• _Your task_
In the data below, find every line with the word "assumes" and copy it out.

• _Material provided_

(* Let $n\ge1$ and $d\ge2$ be integers, $\zeta$ a primitive $d$-th root of unity and $\zeta_*$ a primitive $12d$-th root of unity with $\zeta_*^{12}=\zeta$. For every $f\in\Psi^{\#}(Y,\pi)$, \[ \zeta_*^{nd(1-d^2)}\prod_{y\in Y}\zeta_*^{-6(f(y)^2+df(y))}=\zeta^{\sum_{i=1}^n\left(k_{i-1}(f)-f(i)\right)\left(\sum_{j=1}^{i}f(j)-\sum_{j=1}^{i-1}k_{j-1}(f)\right)}. \]
   Context: $Y=\{1,2,\dots,nd+1\}$ and $\pi\colon Y\to\mathbb{N}$ is given by $\pi(k)=n$ for $1\le k\le n+1$ and $\pi(k)=\lfloor\frac{k-n-2}{d-1}\rfloor$ for $n+2\le k\le nd+1$ (so $\pi^{-1}(n)=\{1,\dots,n+1\}$ and $\pi^{-1}(i)$ has $d-1$ elements for $0\le i\le n-1$). $\Psi(Y,\pi)$ is the set of maps $f\colon Y\to\{0,1,\dots,d-1\}$ that are strictly increasing on each $\pi^{-1}(i)$, $0\le i\le n$. For $f\in\Psi(Y,\pi)$ and $0\le i\le n-1$, $k_i(f)$ is the unique element of $\{0,\dots,d-1\}\setminus f(\pi^{-1}(i))$. $\Psi^{\#}(Y,\pi)=\{f\in\Psi(Y,\pi):\sum_{y\in Y}f(y)\equiv n\binom{d}{2}\pmod d\}$. *)

theory Defs
  imports Complex_Main
begin

definition primitive_root_of_unity :: "nat \<Rightarrow> complex \<Rightarrow> bool" where
  "primitive_root_of_unity m z \<longleftrightarrow> z ^ m = 1 \<and> (\<forall>k. 0 < k \<and> k < m \<longrightarrow> z ^ k \<noteq> 1)"

definition Yset :: "nat \<Rightarrow> nat \<Rightarrow> nat set" where
  "Yset n d = {1..n*d+1}"

definition piY :: "nat \<Rightarrow> nat \<Rightarrow> nat \<Rightarrow> nat" where
  "piY n d k = (if k \<le> n + 1 then n else (k - n - 2) div (d - 1))"

definition fiber :: "nat \<Rightarrow> nat \<Rightarrow> nat \<Rightarrow> nat set" where
  "fiber n d i = {y \<in> Yset n d. piY n d y = i}"

definition Psi :: "nat \<Rightarrow> nat \<Rightarrow> (nat \<Rightarrow> nat) set" where
  "Psi n d = {f. (\<forall>y \<in> Yset n d. f y < d) \<and> (\<forall>i \<le> n. strict_mono_on (fiber n d i) f)}"

definition kf :: "nat \<Rightarrow> nat \<Rightarrow> (nat \<Rightarrow> nat) \<Rightarrow> nat \<Rightarrow> nat" where
  "kf n d f i = (THE k. k \<in> {0..<d} - f ` fiber n d i)"

definition Psi_sharp :: "nat \<Rightarrow> nat \<Rightarrow> (nat \<Rightarrow> nat) set" where
  "Psi_sharp n d = {f \<in> Psi n d. (\<Sum>y \<in> Yset n d. f y) mod d = (n * (d choose 2)) mod d}"

end

theory Submission
  imports Defs
begin

text \<open>Write \<open>a\<^sub>j = f(j)\<close> and \<open>b\<^sub>j = k\<^sub>j\<^sub>-\<^sub>1(f)\<close>. On each fibre \<open>\<pi>\<^sup>-\<^sup>1(i)\<close> with \<open>i < n\<close> the map \<open>f\<close> is a
bijection onto \<open>{0,\<dots>,d-1} - {k\<^sub>i(f)}\<close>, so any sum of \<open>g \<circ> f\<close> over \<open>Y\<close> is the sum over
\<open>{1,\<dots>,n+1}\<close> plus \<open>n\<close> complete sums over \<open>{0,\<dots>,d-1}\<close> minus the values at the \<open>k\<^sub>i(f)\<close>.
Both exponents thereby become quadratic polynomials in the \<open>a\<^sub>j\<close> and \<open>b\<^sub>j\<close>; the right one
telescopes to \<open>(\<Sum>b\<^sub>j\<^sup>2 - \<Sum>a\<^sub>j\<^sup>2 - (\<Sum>a\<^sub>j - \<Sum>b\<^sub>j)\<^sup>2) / 2\<close>. The condition \<open>f \<in> \<Psi>\<^sup>#\<close> says
exactly that \<open>d\<close> divides \<open>a\<^sub>1 + \<dots> + a\<^sub>n\<^sub>+\<^sub>1 - (b\<^sub>1 + \<dots> + b\<^sub>n)\<close>, and with it the two exponents
of \<open>\<zeta>\<^sub>*\<close> agree modulo \<open>12d\<close>.\<close>

lemma prod_power_int:
  fixes x :: "'a :: field"
  assumes "x \<noteq> 0"
  shows "(\<Prod>y\<in>A. x powi e y) = x powi (\<Sum>y\<in>A. e y)"
  by (induction A rule: infinite_finite_induct) (auto simp: power_int_add assms)

lemma power_int_eq_if_dvd_diff:
  fixes z :: "'a :: field"
  assumes "z ^ m = 1" and "int m dvd a - b"
  shows "z powi a = z powi b"
proof (cases "m = 0")
  case True
  then show ?thesis
    using assms(2) by simp
next
  case False
  then have "z \<noteq> 0"
    using assms(1) by (cases "z = 0") (simp_all add: power_0_left)
  from assms(2) obtain k where "a - b = int m * k"
    by (elim dvdE)
  then have "a = b + int m * k"
    by simp
  then have "z powi a = z powi b * (z ^ m) powi k"
    using \<open>z \<noteq> 0\<close> by (simp add: power_int_add power_int_power)
  then show ?thesis
    using assms(1) by simp
qed

lemma double_sum_diff_mult_interlaced_partial_sums:
  fixes a b :: "nat \<Rightarrow> 'a :: comm_ring_1"
  shows "2 * (\<Sum>i = 1..n. (b i - a i) * ((\<Sum>j = 1..i. a j) - (\<Sum>j = 1..i - 1. b j)))
     = (\<Sum>j = 1..n. b j ^ 2) - (\<Sum>j = 1..n. a j ^ 2) - ((\<Sum>j = 1..n. a j) - (\<Sum>j = 1..n. b j)) ^ 2"
  by (induction n) (simp_all add: algebra_simps power2_eq_square)

lemma sum_lessThan_eq_choose_two: "(\<Sum>x<d. x) = d choose 2"
  by (induction d) (simp_all add: numeral_2_eq_2)

lemma six_sum_lessThan_quadratic:
  fixes c :: "'a :: comm_ring_1"
  shows "6 * (\<Sum>x<m. of_nat x ^ 2 + c * of_nat x)
    = of_nat m * (of_nat m - 1) * (2 * of_nat m - 1) + 3 * c * of_nat m * (of_nat m - 1)"
  by (induction m) (simp_all add: algebra_simps power2_eq_square)

lemma fiber_eq_interval:
  assumes "d \<ge> 2" and "i < n"
  shows "fiber n d i = {n + 2 + i * (d - 1) ..< n + 2 + Suc i * (d - 1)}"
proof (intro set_eqI)
  fix y
  have "(y - n - 2) div (d - 1) = i \<longleftrightarrow> i \<le> (y - n - 2) div (d - 1) \<and> (y - n - 2) div (d - 1) < Suc i"
    by linarith
  also have "\<dots> \<longleftrightarrow> i * (d - 1) \<le> y - n - 2 \<and> y - n - 2 < Suc i * (d - 1)"
    using assms(1) by (simp add: less_eq_div_iff_mult_less_eq div_less_iff_less_mult)
  finally have "y \<in> fiber n d i \<longleftrightarrow>
      n + 2 \<le> y \<and> y \<le> n * d + 1 \<and> i * (d - 1) \<le> y - n - 2 \<and> y - n - 2 < Suc i * (d - 1)"
    using assms(2) by (auto simp: fiber_def Yset_def piY_def)
  moreover have "Suc i * (d - 1) \<le> n * (d - 1)"
    using assms(2) by (intro mult_le_mono1) simp
  moreover have "n + n * (d - 1) = n * d"
    using assms(1) by (cases d) auto
  ultimately show "y \<in> fiber n d i \<longleftrightarrow> y \<in> {n + 2 + i * (d - 1) ..< n + 2 + Suc i * (d - 1)}"
    unfolding atLeastLessThan_iff by linarith
qed

lemma sum_Yset_fibers:
  fixes h :: "nat \<Rightarrow> 'a :: comm_monoid_add"
  assumes "d \<ge> 2"
  shows "(\<Sum>y\<in>Yset n d. h y) = (\<Sum>j = 1..n + 1. h j) + (\<Sum>i<n. \<Sum>y\<in>fiber n d i. h y)"
proof -
  have "n + 1 \<le> n * d + 1"
    using assms by simp
  then have "Yset n d = {1..n + 1} \<union> {n + 2..n * d + 1}"
    unfolding Yset_def by (intro set_eqI) (simp only: atLeastAtMost_iff Un_iff, linarith)
  then have "(\<Sum>y\<in>Yset n d. h y) = (\<Sum>j = 1..n + 1. h j) + (\<Sum>y\<in>{n + 2..n * d + 1}. h y)"
    by (simp add: sum.union_disjoint)
  moreover have "piY n d ` {n + 2..n * d + 1} \<subseteq> {..<n}"
  proof
    fix i assume "i \<in> piY n d ` {n + 2..n * d + 1}"
    then obtain y where y: "y \<in> {n + 2..n * d + 1}" "i = piY n d y"
      by blast
    have "n + n * (d - 1) = n * d"
      using assms by (cases d) auto
    then have "y - n - 2 < n * (d - 1)"
      using y(1) by auto
    then show "i \<in> {..<n}"
      using y assms by (auto simp: piY_def div_less_iff_less_mult)
  qed
  then have "(\<Sum>y\<in>{n + 2..n * d + 1}. h y) = (\<Sum>i<n. \<Sum>y\<in>{y \<in> {n + 2..n * d + 1}. piY n d y = i}. h y)"
    by (intro sum.group[symmetric]) auto
  moreover have "{y \<in> {n + 2..n * d + 1}. piY n d y = i} = fiber n d i" if "i < n" for i
    using that by (auto simp: fiber_def Yset_def piY_def)
  ultimately show ?thesis
    by simp
qed

lemma inj_on_fiber_Psi:
  assumes "f \<in> Psi n d" and "i \<le> n"
  shows "inj_on f (fiber n d i)"
  using assms by (auto simp: Psi_def intro: strict_mono_on_imp_inj_on)

lemma image_fiber_Psi:
  assumes "f \<in> Psi n d" and "d \<ge> 2" and "i < n"
  shows "kf n d f i < d" and "f ` fiber n d i = {..<d} - {kf n d f i}"
proof -
  have sub: "f ` fiber n d i \<subseteq> {..<d}"
    using assms(1) by (auto simp: Psi_def fiber_def)
  have "card (f ` fiber n d i) = card (fiber n d i)"
    using assms by (simp add: card_image inj_on_fiber_Psi)
  also have "\<dots> = d - 1"
    using assms(2,3) by (simp add: fiber_eq_interval)
  finally have "card (f ` fiber n d i) = d - 1" .
  then have "card ({..<d} - f ` fiber n d i) = 1"
    using assms(2) sub by (simp add: card_Diff_subset finite_subset)
  then obtain k where k: "{..<d} - f ` fiber n d i = {k}"
    by (meson card_1_singletonE)
  then have "kf n d f i = k"
    by (simp add: kf_def atLeast0LessThan)
  with k sub show "kf n d f i < d" and "f ` fiber n d i = {..<d} - {kf n d f i}"
    by auto
qed

lemma sum_fiber_Psi:
  fixes g :: "nat \<Rightarrow> 'a :: ab_group_add"
  assumes "f \<in> Psi n d" and "d \<ge> 2" and "i < n"
  shows "(\<Sum>y\<in>fiber n d i. g (f y)) = (\<Sum>x<d. g x) - g (kf n d f i)"
proof -
  have "(\<Sum>y\<in>fiber n d i. g (f y)) = (\<Sum>x\<in>f ` fiber n d i. g x)"
    using assms by (simp add: sum.reindex inj_on_fiber_Psi)
  also have "\<dots> = (\<Sum>x<d. g x) - g (kf n d f i)"
    using image_fiber_Psi[OF assms] by (simp add: sum_diff1)
  finally show ?thesis .
qed

lemma sum_Yset_Psi:
  fixes g :: "nat \<Rightarrow> 'a :: comm_ring_1"
  assumes "f \<in> Psi n d" and "d \<ge> 2"
  shows "(\<Sum>y\<in>Yset n d. g (f y))
    = (\<Sum>j = 1..n + 1. g (f j)) + of_nat n * (\<Sum>x<d. g x) - (\<Sum>i = 1..n. g (kf n d f (i - 1)))"
proof -
  have "(\<Sum>i<n. \<Sum>y\<in>fiber n d i. g (f y)) = (\<Sum>i<n. (\<Sum>x<d. g x) - g (kf n d f i))"
    using assms by (intro sum.cong) (simp_all add: sum_fiber_Psi)
  also have "\<dots> = of_nat n * (\<Sum>x<d. g x) - (\<Sum>i = 1..n. g (kf n d f (i - 1)))"
    by (simp add: sum_subtractf sum.atLeast1_atMost_eq)
  finally show ?thesis
    using assms(2) by (simp add: sum_Yset_fibers)
qed

lemma dvd_Psi_sharp:
  assumes "f \<in> Psi_sharp n d" and "d \<ge> 2"
  shows "int d dvd (\<Sum>j = 1..n + 1. int (f j)) - (\<Sum>i = 1..n. int (kf n d f (i - 1)))"
proof -
  have "f \<in> Psi n d" and "(\<Sum>y\<in>Yset n d. f y) mod d = (n * (d choose 2)) mod d"
    using assms(1) by (auto simp: Psi_sharp_def)
  then have "int d dvd int (\<Sum>y\<in>Yset n d. f y) - int n * int (d choose 2)"
    by (metis mod_eq_dvd_iff of_nat_mod of_nat_mult)
  also have "int (\<Sum>y\<in>Yset n d. f y)
    = (\<Sum>j = 1..n + 1. int (f j)) + int n * int (d choose 2) - (\<Sum>i = 1..n. int (kf n d f (i - 1)))"
    using sum_Yset_Psi[OF \<open>f \<in> Psi n d\<close> assms(2), of int]
    by (simp flip: sum_lessThan_eq_choose_two)
  finally show ?thesis
    by (simp add: algebra_simps)
qed

lemma exponent_congruence:
  fixes A B A2 B2 Q R x d n :: int
  assumes "2 * R = B2 - A2 - (A - B) ^ 2"
    and "6 * Q = d * (d - 1) * (5 * d - 1)"
    and "d dvd A + x - B"
  shows "12 * d dvd n * d * (1 - d ^ 2) - 6 * (A2 + x ^ 2 + d * (A + x) + n * Q - (B2 + d * B)) - 12 * R"
proof -
  obtain t where "A + x - B = d * t"
    using assms(3) by (elim dvdE)
  then have t: "A = d * t + B - x"
    by simp
  have "even (t * (t - 1))"
    by simp
  then obtain u where u: "t * (t - 1) = 2 * u" ..
  have "even (d * (d - 1))"
    by simp
  then obtain v where v: "d * (d - 1) = 2 * v" ..
  have "12 * R = 6 * (B2 - A2 - (A - B) ^ 2)" and "6 * (n * Q) = n * (d * (d - 1) * (5 * d - 1))"
    using assms(1,2) by simp_all
  then have "n * d * (1 - d ^ 2) - 6 * (A2 + x ^ 2 + d * (A + x) + n * Q - (B2 + d * B)) - 12 * R
      = 6 * d * (d * (t * (t - 1)) - 2 * t * x - n * (d * (d - 1)))"
    unfolding t by (simp add: algebra_simps power2_eq_square)
  also have "\<dots> = 12 * d * (d * u - t * x - n * v)"
    unfolding u v by (simp add: algebra_simps)
  finally show ?thesis
    by simp
qed

lemma exponent_congruence_Psi_sharp:
  assumes "f \<in> Psi_sharp n d" and "d \<ge> 2"
  shows "int (12 * d) dvd
    int (n * d) * (1 - int d ^ 2) + (\<Sum>y\<in>Yset n d. - 6 * (int (f y) ^ 2 + int d * int (f y)))
    - 12 * (\<Sum>i = 1..n. (int (kf n d f (i - 1)) - int (f i)) *
              ((\<Sum>j = 1..i. int (f j)) - (\<Sum>j = 1..i - 1. int (kf n d f (j - 1)))))"
proof -
  define q where "q y = int y ^ 2 + int d * int y" for y
  define a where "a j = int (f j)" for j
  define b where "b i = int (kf n d f (i - 1))" for i
  define A where "A = (\<Sum>j = 1..n. a j)"
  define B where "B = (\<Sum>j = 1..n. b j)"
  define R where "R = (\<Sum>i = 1..n. (b i - a i) * ((\<Sum>j = 1..i. a j) - (\<Sum>j = 1..i - 1. b j)))"
  define E where "E = int (n * d) * (1 - int d ^ 2) + (\<Sum>y\<in>Yset n d. - 6 * q (f y))"
  have "f \<in> Psi n d"
    using assms(1) by (simp add: Psi_sharp_def)
  then have "(\<Sum>y\<in>Yset n d. q (f y)) = (\<Sum>j = 1..n. a j ^ 2) + a (n + 1) ^ 2 + int d * (A + a (n + 1))
      + int n * (\<Sum>x<d. q x) - ((\<Sum>j = 1..n. b j ^ 2) + int d * B)"
    using sum_Yset_Psi[OF _ assms(2), of f n q]
    by (simp add: q_def a_def b_def A_def B_def sum.distrib sum_distrib_left distrib_left)
  moreover have "(\<Sum>y\<in>Yset n d. - 6 * q (f y)) = - 6 * (\<Sum>y\<in>Yset n d. q (f y))"
    by (simp add: sum_distrib_left)
  ultimately have "E = int n * int d * (1 - int d ^ 2)
      - 6 * ((\<Sum>j = 1..n. a j ^ 2) + a (n + 1) ^ 2 + int d * (A + a (n + 1))
      + int n * (\<Sum>x<d. q x) - ((\<Sum>j = 1..n. b j ^ 2) + int d * B))"
    by (simp add: E_def)
  moreover have "6 * (\<Sum>x<d. q x) = int d * (int d - 1) * (5 * int d - 1)"
    using six_sum_lessThan_quadratic[where c = "int d" and m = d] by (simp add: q_def algebra_simps)
  moreover have "int d dvd A + a (n + 1) - B"
    using dvd_Psi_sharp[OF assms] by (simp add: a_def b_def A_def B_def)
  ultimately have "int (12 * d) dvd E - 12 * R"
    using exponent_congruence[OF double_sum_diff_mult_interlaced_partial_sums[of b a n]]
    unfolding A_def B_def R_def by simp
  then show ?thesis
    unfolding E_def R_def q_def a_def b_def .
qed

text \<open>Only \<open>\<zeta>\<^sub>*\<^sup>1\<^sup>2\<^sup>d = 1\<close> and \<open>\<zeta>\<^sub>*\<^sup>1\<^sup>2 = \<zeta>\<close> enter the proof.\<close>

theorem mainTheorem12:
  fixes n d :: nat and \<zeta> \<zeta>s :: complex and f :: "nat \<Rightarrow> nat"
  assumes "n \<ge> 1" and "d \<ge> 2"
    and "primitive_root_of_unity d \<zeta>"
    and "primitive_root_of_unity (12 * d) \<zeta>s"
    and "\<zeta>s ^ 12 = \<zeta>"
    and "f \<in> Psi_sharp n d"
  shows "\<zeta>s powi (int (n * d) * (1 - int d ^ 2)) *
           (\<Prod>y \<in> Yset n d. \<zeta>s powi (- 6 * (int (f y) ^ 2 + int d * int (f y))))
         = \<zeta> powi (\<Sum>i = 1..n. (int (kf n d f (i - 1)) - int (f i)) *
                        ((\<Sum>j = 1..i. int (f j)) - (\<Sum>j = 1..i - 1. int (kf n d f (j - 1)))))"
    (is "?lhs = \<zeta> powi ?R")
proof -
  have "\<zeta>s ^ (12 * d) = 1"
    using assms(4) by (simp add: primitive_root_of_unity_def)
  then have "\<zeta>s \<noteq> 0"
    using assms(2) by (cases "\<zeta>s = 0") (simp_all add: power_0_left)
  then have "?lhs = \<zeta>s powi (int (n * d) * (1 - int d ^ 2)
      + (\<Sum>y\<in>Yset n d. - 6 * (int (f y) ^ 2 + int d * int (f y))))"
    by (simp add: prod_power_int power_int_add)
  also have "\<dots> = \<zeta>s powi (12 * ?R)"
    using power_int_eq_if_dvd_diff[OF \<open>\<zeta>s ^ (12 * d) = 1\<close>]
      exponent_congruence_Psi_sharp[OF assms(6,2)] .
  also have "\<dots> = \<zeta> powi ?R"
    unfolding assms(5)[symmetric] power_int_power by simp
  finally show ?thesis .
qed

end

• _Answer section_
  assumes "x \<noteq> 0"
  assumes "z ^ m = 1" and "int m dvd a - b"
  assumes "d \<ge> 2" and "i < n"
  assumes "d \<ge> 2"
  assumes "f \<in> Psi n d" and "i \<le> n"
  assumes "f \<in> Psi n d" and "d \<ge> 2" and "i < n"
  assumes "f \<in> Psi n d" and "d \<ge> 2" and "i < n"
  assumes "f \<in> Psi n d" and "d \<ge> 2"
  assumes "f \<in> Psi_sharp n d" and "d \<ge> 2"
  assumes "2 * R = B2 - A2 - (A - B) ^ 2"
  assumes "f \<in> Psi_sharp n d" and "d \<ge> 2"
  assumes "n \<ge> 1" and "d \<ge> 2"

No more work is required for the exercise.